--- ENTRIES SHOWN Enclosed Below ---

lemma SCP_ls_seq_bounded:
  assumes "c \<ge> 0" and level_bounded: "\<And>\<alpha>::real. bounded {y. Fobj f P1 P2 g y \<le> ereal \<alpha>}"
  shows "bounded (range x)"
proof -
  define h where "h t = f (x t) + P1 (x t) - P2 (x t)" for t
  have "decseq h"
  proof (rule sufficient_decrease_decseq)
    show "0 \<le> c / 2" using \<open>c \<ge> 0\<close> by simp
    show "h (Suc t) \<le> h t - c / 2 * (norm (x (Suc t) - x t))\<^sup>2" for t
      unfolding h_def by (rule SCP_ls_seq_decrease)
  qed
  then have "Fobj f P1 P2 g (x t) \<le> ereal (h 0)" for t
    by (simp add: SCP_ls_seq_Fobj h_def[symmetric] decseq_def)
  then have "range x \<subseteq> {y. Fobj f P1 P2 g y \<le> ereal (h 0)}"
    by blast
  then show ?thesis
    using level_bounded bounded_subset by blast
qed

end

theorem mainTheorem2:
  fixes f P1 P2 :: "'a::euclidean_space \<Rightarrow> real"
    and gf :: "'a \<Rightarrow> 'a"
    and g :: "'m::finite \<Rightarrow> 'a \<Rightarrow> real"
    and gg :: "'m \<Rightarrow> 'a \<Rightarrow> 'a"
    and c Llo Lhi \<tau> L_f :: real
    and L_g :: "'m \<Rightarrow> real"
    and x \<xi> :: "nat \<Rightarrow> 'a"
    and Lf Lf0 :: "nat \<Rightarrow> real"
    and Lg Lg0 :: "nat \<Rightarrow> 'm \<Rightarrow> real"
  assumes grad_f: "\<And>y. GDERIV f y :> gf y"
    and P1_convex: "convex_on UNIV P1" and P1_cont: "continuous_on UNIV P1"
    and P2_convex: "convex_on UNIV P2" and P2_cont: "continuous_on UNIV P2"
    and g_cont: "\<And>i. continuous_on UNIV (g i)"
    and feas_nonempty: "\<exists>y. feasible g y"
    \<comment> \<open>Assumption A\<close>
    and A1: "L_f-lipschitz_on UNIV gf"
    and A2_grad: "\<And>i y. GDERIV (g i) y :> gg i y"
    and A2_lip: "\<And>i. (L_g i)-lipschitz_on UNIV (gg i)"
    and A3: "\<And>\<alpha>::real. bounded {y. Fobj f P1 P2 g y \<le> ereal \<alpha>}"
    \<comment> \<open>Assumption B (MFCQ)\<close>
    and B_C1: "\<And>i. continuous_on UNIV (gg i)"
    and B_MFCQ: "\<And>y. feasible g y \<Longrightarrow> \<exists>d. \<forall>i. g i y = 0 \<longrightarrow> inner (gg i y) d < 0"
    \<comment> \<open>parameters of SCP_ls\<close>
    and c_pos: "c > 0" and L_pos: "0 < Llo" and L_lt: "Llo < Lhi" and tau_gt: "\<tau> > 1"
    and gen: "SCP_ls_seq f gf P1 P2 g gg c Llo Lhi \<tau> x \<xi> Lf0 Lg0 Lf Lg"
  shows "bounded (range x)
    \<and> decseq (\<lambda>t. Fbar f P1 P2 g gg (x (Suc t)) (x t) (Lg t))
    \<and> (\<exists>Fstar::real. (\<lambda>t. Fbar f P1 P2 g gg (x (Suc t)) (x t) (Lg t)) \<longlonglongrightarrow> ereal Fstar)
    \<and> (\<forall>t\<ge>1. Fbar f P1 P2 g gg (x (Suc t)) (x t) (Lg t)
               \<le> Fbar f P1 P2 g gg (x t) (x (t - 1)) (Lg (t - 1)) - ereal (c / 2 * (norm (x (Suc t) - x t))\<^sup>2))
    \<and> (\<lambda>t. norm (x (Suc t) - x t)) \<longlonglongrightarrow> 0"
proof -
  define h where "h y = f y + P1 y - P2 y" for y
  define d where "d t = norm (x (Suc t) - x t)" for t
  have step: "h (x (Suc t)) \<le> h (x t) - c / 2 * (d t)\<^sup>2" for t
    using SCP_ls_seq_decrease[OF gen] by (simp add: h_def d_def)
  have Fbar_eq: "Fbar f P1 P2 g gg (x (Suc t)) (x t) (Lg t) = ereal (h (x (Suc t)))" for t
    using SCP_ls_seq_Fbar[OF gen] by (simp add: h_def)
  have bounded_x: "bounded (range x)"
    using SCP_ls_seq_bounded[OF gen] c_pos A3 by simp
  have dec: "decseq (h \<circ> x)"
    using c_pos step by (intro sufficient_decrease_decseq[where c = "c / 2" and d = d]) auto
  have "continuous_on UNIV h"
    unfolding h_def using grad_f P1_cont P2_cont
    by (intro continuous_intros)
      (auto intro: continuous_at_imp_continuous_on has_derivative_continuous simp: gderiv_def)
  then have "bounded (range (h \<circ> x))"
    using bounded_continuous_image[OF _ bounded_x] by (simp add: image_comp)
  then obtain L where hL: "(h \<circ> x) \<longlonglongrightarrow> L"
    using dec by (metis Bseq_eq_bounded Bseq_monoseq_convergent convergent_def decseq_imp_monoseq)
  have "d \<longlonglongrightarrow> 0"
    using c_pos step hL by (intro sufficient_decrease_tendsto_zero[where c = "c / 2"]) auto
  moreover have "(\<lambda>t. Fbar f P1 P2 g gg (x (Suc t)) (x t) (Lg t)) \<longlonglongrightarrow> ereal L"
    unfolding Fbar_eq using LIMSEQ_Suc[OF hL] by (simp add: tendsto_ereal)
  moreover have "decseq (\<lambda>t. Fbar f P1 P2 g gg (x (Suc t)) (x t) (Lg t))"
    using dec unfolding Fbar_eq by (simp add: decseq_def)
  moreover have "Fbar f P1 P2 g gg (x (Suc t)) (x t) (Lg t)
      \<le> Fbar f P1 P2 g gg (x t) (x (t - 1)) (Lg (t - 1)) - ereal (c / 2 * (d t)\<^sup>2)"
    if "t \<ge> 1" for t
    using step[of t] that by (cases t) (simp_all add: Fbar_eq)
  ultimately show ?thesis
    using bounded_x unfolding d_def by blast
qed
(* Let $d,n\ge1$, let $\kappa\ge1$ divide $d$, $d'=d/\kappa$, $r\ge2$, $\mathbf r=(r,\dots,r)\in\mathbb{N}^d$ and $\mathbf r'=(r^\kappa,\dots,r^\kappa)\in\mathbb{N}^{d'}$. Let $A_1,\dots,A_{d'}\in\mathbb{R}^{m\times n^\kappa}$, $\mathcal{A}(\mathcal{Y})=\mathcal{Y}\times_1A_1\times_2\cdots\times_{d'}A_{d'}$, let $A_{2nd}\in\mathbb{R}^{m_{2nd}\times m^{d'}}$ and $\mathcal{A}_{2nd}(\mathcal{X})=A_{2nd}(\mathrm{vect}(\mathcal{A}(\mathcal{R}(\mathcal{X}))))$. Assume each $A_i$ has the RIP$(\varepsilon,\mathcal{S}_{1,2})$ property, where $\delta=12d'r^d\varepsilon<1$, and that the map $\mathcal{Z}\mapsto A_{2nd}\,\mathrm{vect}(\mathcal{Z})$ has the RIP$(\delta/3,\mathcal{B}_{1+\varepsilon,\varepsilon,1-\delta/3,\mathbf r'})$ property, where $\mathcal{B}$ is taken among $d'$-mode tensors in $\mathbb{R}^{m\times\cdots\times m}$. Then for all $\mathcal{X}\in\mathbb{R}^{n\times\cdots\times n}$ ($d$ modes) with HOSVD rank at most $\mathbf r$, $$(1-\delta)\|\mathcal{X}\|^2\le\|\mathcal{A}_{2nd}(\mathcal{X})\|^2\le(1+\delta)\|\mathcal{X}\|^2.$$
   Context: $\|\cdot\|$ is the Frobenius (resp. Euclidean) norm; $\mathrm{vect}$ is vectorization. The $j$-mode product: $(\mathcal{X}\times_jU)_{i_1,\dots,\ell,\dots,i_D}=\sum_{i_j}\mathcal{X}_{i_1,\dots,i_j,\dots,i_D}U_{\ell,i_j}$. HOSVD rank at most $(r,\dots,r)$ means $\mathcal{X}\in\mathcal{U}_1\otimes\cdots\otimes\mathcal{U}_d$ with subspaces $\mathcal{U}_i\subset\mathbb{R}^n$, $\dim\mathcal{U}_i=r$. $\mathcal{R}$ is the linear reshaping map with $\mathcal{R}(\mathbf{x}^1\circ\cdots\circ\mathbf{x}^d)=\bigcirc_{i=1}^{d'}(\mathbf{x}^{\kappa(i-1)+1}\otimes\cdots\otimes\mathbf{x}^{\kappa i})$ ($\circ$ outer, $\otimes$ Kronecker product). $\mathcal{S}_1=\{\mathbf{u}^1\otimes\cdots\otimes\mathbf{u}^\kappa:\mathbf{u}^i\in\mathbb{S}^{n-1}\}$, $\mathcal{S}_2=\{(\mathbf{x}+\mathbf{y})/\|\mathbf{x}+\mathbf{y}\|_2:\mathbf{x},\mathbf{y}\in\mathcal{S}_1,\langle\mathbf{x},\mathbf{y}\rangle=0\}$, $\mathcal{S}_{1,2}=\mathcal{S}_1\cup\mathcal{S}_2$. A linear map $L$ has RIP$(\varepsilon,\mathcal{S})$ if $(1-\varepsilon)\|s\|^2\le\|L(s)\|^2\le(1+\varepsilon)\|s\|^2$ for all $s\in\mathcal{S}$. For $R\ge0$, $\mu,\theta\ge0$ and $\mathbf s=(s,\dots,s)\in\mathbb{N}^D$, the set $\mathcal{B}_{R,\mu,\theta,\mathbf s}$ of nearly orthogonal $D$-mode tensors in $\mathbb{R}^{p\times\cdots\times p}$ consists of those $\mathcal{X}$ that can be written $\mathcal{X}=\sum_{k_1,\dots,k_D=1}^{s}\mathcal{C}(k_1,\dots,k_D)\,\mathbf{u}^1_{k_1}\circ\cdots\circ\mathbf{u}^D_{k_D}$ with $\mathbf{u}^i_k\in\mathbb{R}^p$ such that (a) $\|\mathbf{u}^i_{k}\|_2\le R$ for all $i,k$; (b) $|\langle\mathbf{u}^i_k,\mathbf{u}^i_{k'}\rangle|\le\mu$ for all $i$ and $k\ne k'$; (c) $\|\mathcal{C}\|_F=1$; (d) $\mathcal{C}$ has orthogonal subtensors: for every $i$ and $p'\ne q$, $\sum_{k_j,\,j\ne i}\mathcal{C}(k_1,\dots,p',\dots,k_D)\mathcal{C}(k_1,\dots,q,\dots,k_D)=0$ (with $p',q$ in position $i$); (e) $\|\mathcal{X}\|_F\ge\theta$. *)

theory Defs
  imports Complex_Main
begin

text \<open>Multi-indices: lists of length D with entries in P. A tensor with D modes whose
  mode index sets are all P is a function on tidx D P (values outside are irrelevant).
  Vectors in R^n are functions on {..<n}; vectors in R^(n^kappa) are indexed by tidx kappa {..<n}
  (Kronecker-product ordering), matrices are functions row => column-index => real.\<close>

definition tidx :: "nat \<Rightarrow> 'a set \<Rightarrow> 'a list set" where
  "tidx D P = {xs. length xs = D \<and> set xs \<subseteq> P}"

definition sqn :: "'a set \<Rightarrow> ('a \<Rightarrow> real) \<Rightarrow> real" where
  "sqn I f = (\<Sum>x\<in>I. (f x)\<^sup>2)"

definition inner_on :: "'a set \<Rightarrow> ('a \<Rightarrow> real) \<Rightarrow> ('a \<Rightarrow> real) \<Rightarrow> real" where
  "inner_on I f g = (\<Sum>x\<in>I. f x * g x)"

definition lin_apply :: "('r \<Rightarrow> 'c \<Rightarrow> real) \<Rightarrow> 'c set \<Rightarrow> ('c \<Rightarrow> real) \<Rightarrow> 'r \<Rightarrow> real" where
  "lin_apply M C v = (\<lambda>l. \<Sum>c\<in>C. M l c * v c)"

definition rip :: "'a set \<Rightarrow> 'b set \<Rightarrow> (('a \<Rightarrow> real) \<Rightarrow> ('b \<Rightarrow> real)) \<Rightarrow> real \<Rightarrow> ('a \<Rightarrow> real) set \<Rightarrow> bool" where
  "rip I J L eps S \<longleftrightarrow> (\<forall>s\<in>S. (1 - eps) * sqn I s \<le> sqn J (L s) \<and> sqn J (L s) \<le> (1 + eps) * sqn I s)"

definition S1 :: "nat \<Rightarrow> nat \<Rightarrow> (nat list \<Rightarrow> real) set" where
  "S1 \<kappa> n = {(\<lambda>c. \<Prod>j<\<kappa>. u j (c ! j)) | u. \<forall>j<\<kappa>. sqn {..<n} (u j) = 1}"

definition S2 :: "nat \<Rightarrow> nat \<Rightarrow> (nat list \<Rightarrow> real) set" where
  "S2 \<kappa> n = {(\<lambda>c. (x c + y c) / sqrt (sqn (tidx \<kappa> {..<n}) (\<lambda>c. x c + y c))) | x y.
      x \<in> S1 \<kappa> n \<and> y \<in> S1 \<kappa> n \<and> inner_on (tidx \<kappa> {..<n}) x y = 0}"
private lemma drop_Inr_in_left_upset:
  assumes "y \<in> B"
  shows "S.drop (Inr y) \<in> left_upset a c (stack a A B)"
proof -
  have "(below a B)\<^sup>*\<^sup>* (b, 0) y" by (rule pyramid_below_bottom[OF pyramid_B bottom_B assms])
  then show ?thesis
  proof induction
    case base
    have "S.drop (Inr (b, 0)) \<in> stack a A B" using bottom_B stack_eq by blast
    then show ?case
      using b_between left_piece_in_left_upset[OF a_pos pyramid_stack bottom_in_stack] by simp
  next
    case (step u v)
    then have "u \<in> B" "v \<in> B" by (simp_all add: below_def)
    then have "below a (stack a A B) (S.drop (Inr u)) (S.drop (Inr v))"
      using below_stack_iff[of "Inr u" "Inr v"] step(2) by simp
    then show ?case
      using left_upset_upward_closed[OF a_pos pyramid_stack bottom_in_stack] step(3) by blast
  qed
qed

private lemma left_upset_stack: "left_upset a c (stack a A B) = S.drop ` Inr ` B"
proof
  show "left_upset a c (stack a A B) \<subseteq> S.drop ` Inr ` B"
  proof
    fix z assume "z \<in> left_upset a c (stack a A B)"
    then obtain x where x: "x \<in> stack a A B" "fst x < c" "(below a (stack a A B))\<^sup>*\<^sup>* x z"
      by (auto simp: left_upset_def)
    from x(3) show "z \<in> S.drop ` Inr ` B"
    proof induction
      case base
      obtain w where w: "w \<in> A <+> B" "x = S.drop w" using x(1) stack_eq by blast
      have "w \<notin> Inl ` A" using w x(2) right_A drop_Inl by (force simp: right_pyramid_def)
      with w show ?case by (auto elim: PlusE)
    next
      case (step z z')
      then obtain y where y: "y \<in> B" "z = S.drop (Inr y)" by auto
      obtain w where w: "w \<in> A <+> B" "z' = S.drop w"
        using step(2) stack_eq by (auto simp: below_def)
      then have "stack_rel a A B (Inr y) w" using below_stack_iff[of "Inr y" w] step(2) y by simp
      with w show ?case by (cases w) force+
    qed
  qed
  show "S.drop ` Inr ` B \<subseteq> left_upset a c (stack a A B)"
    using drop_Inr_in_left_upset by blast
qed
lemma trace_shift_inverse:
  assumes "\<delta> \<ge> 0"
  shows "trace_shift (- \<delta> / (1 + \<delta>)) (trace_shift \<delta> A) = A"
    and "trace_shift \<delta> (trace_shift (- \<delta> / (1 + \<delta>)) A) = A"
proof -
  have "- \<delta> / (1 + \<delta>) + \<delta> + - \<delta> / (1 + \<delta>) * \<delta> = 0"
    and "\<delta> + - \<delta> / (1 + \<delta>) + \<delta> * (- \<delta> / (1 + \<delta>)) = 0"
    using assms by (simp_all add: field_simps)
  then show "trace_shift (- \<delta> / (1 + \<delta>)) (trace_shift \<delta> A) = A"
    and "trace_shift \<delta> (trace_shift (- \<delta> / (1 + \<delta>)) A) = A"
    by (simp_all only: trace_shift_trace_shift trace_shift_zero)
qed

lemma trace_shift_uminus: "trace_shift \<delta> (- A) = - trace_shift \<delta> A"
  by (simp add: trace_shift_def trace_def sum_negf algebra_simps)

lemma trace_shift_in_Sym2: "A \<in> Sym2 \<Longrightarrow> trace_shift \<delta> A \<in> Sym2"
  unfolding trace_shift_def
  by (intro subspace_add[OF subspace_Sym2] subspace_mul[OF subspace_Sym2] mat_1_in_Sym2)

lemma continuous_on_trace_shift: "continuous_on UNIV (trace_shift \<delta>)"
  unfolding trace_shift_def trace_def by (intro continuous_intros) auto

lemma interior_of_F_delta_iff:
  assumes "\<delta> \<ge> 0" "X \<in> Sym2"
  shows "X \<in> (top_of_set Sym2) interior_of (F_delta F \<delta>)
           \<longleftrightarrow> trace_shift \<delta> X \<in> (top_of_set Sym2) interior_of F"
proof
  assume X: "X \<in> (top_of_set Sym2) interior_of (F_delta F \<delta>)"
  show "trace_shift \<delta> X \<in> (top_of_set Sym2) interior_of F"
  proof (rule interior_of_Sym2_vimage[where g = "trace_shift (- \<delta> / (1 + \<delta>))"])
    show "Y \<in> F" if "trace_shift (- \<delta> / (1 + \<delta>)) Y \<in> F_delta F \<delta>" for Y
      using that trace_shift_inverse(2)[OF assms(1), of Y] by (simp add: F_delta_eq)
    show "trace_shift (- \<delta> / (1 + \<delta>)) (trace_shift \<delta> X) \<in> (top_of_set Sym2) interior_of F_delta F \<delta>"
      using X trace_shift_inverse(1)[OF assms(1), of X] by simp
  qed (simp_all add: continuous_on_trace_shift trace_shift_in_Sym2 assms(2))
next
  assume "trace_shift \<delta> X \<in> (top_of_set Sym2) interior_of F"
  then show "X \<in> (top_of_set Sym2) interior_of (F_delta F \<delta>)"
    using assms(2) interior_of_Sym2_vimage[where g = "trace_shift \<delta>" and E = "F_delta F \<delta>"]
    by (simp add: F_delta_eq continuous_on_trace_shift trace_shift_in_Sym2)
qed

lemma dual_subeq_F_delta:
  assumes "\<delta> \<ge> 0"
  shows "dual_subeq (F_delta F \<delta>) = F_delta (dual_subeq F) \<delta>"
proof -
  have "M \<in> dual_subeq (F_delta F \<delta>) \<longleftrightarrow> M \<in> F_delta (dual_subeq F) \<delta>" if M: "M \<in> Sym2" for M
    using interior_of_F_delta_iff[OF assms, of "- M" F] M
    by (simp add: mem_dual_subeq_iff F_delta_eq uminus_in_Sym2_iff trace_shift_in_Sym2
        trace_shift_uminus)
  moreover have "dual_subeq G \<subseteq> Sym2" for G :: "(real^'n^'n) set"
    by (auto simp: mem_dual_subeq_iff)
  ultimately show ?thesis by (auto simp: F_delta_eq)
qed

--- End of Enclosed ENTRIES SHOWN ---

## PROBLEM DESCRIPTION
Look through the records for the word "ultimately". Every line that has it should be copied.

## REPLY
  ultimately show ?thesis
  ultimately show ?thesis by (auto simp: F_delta_eq)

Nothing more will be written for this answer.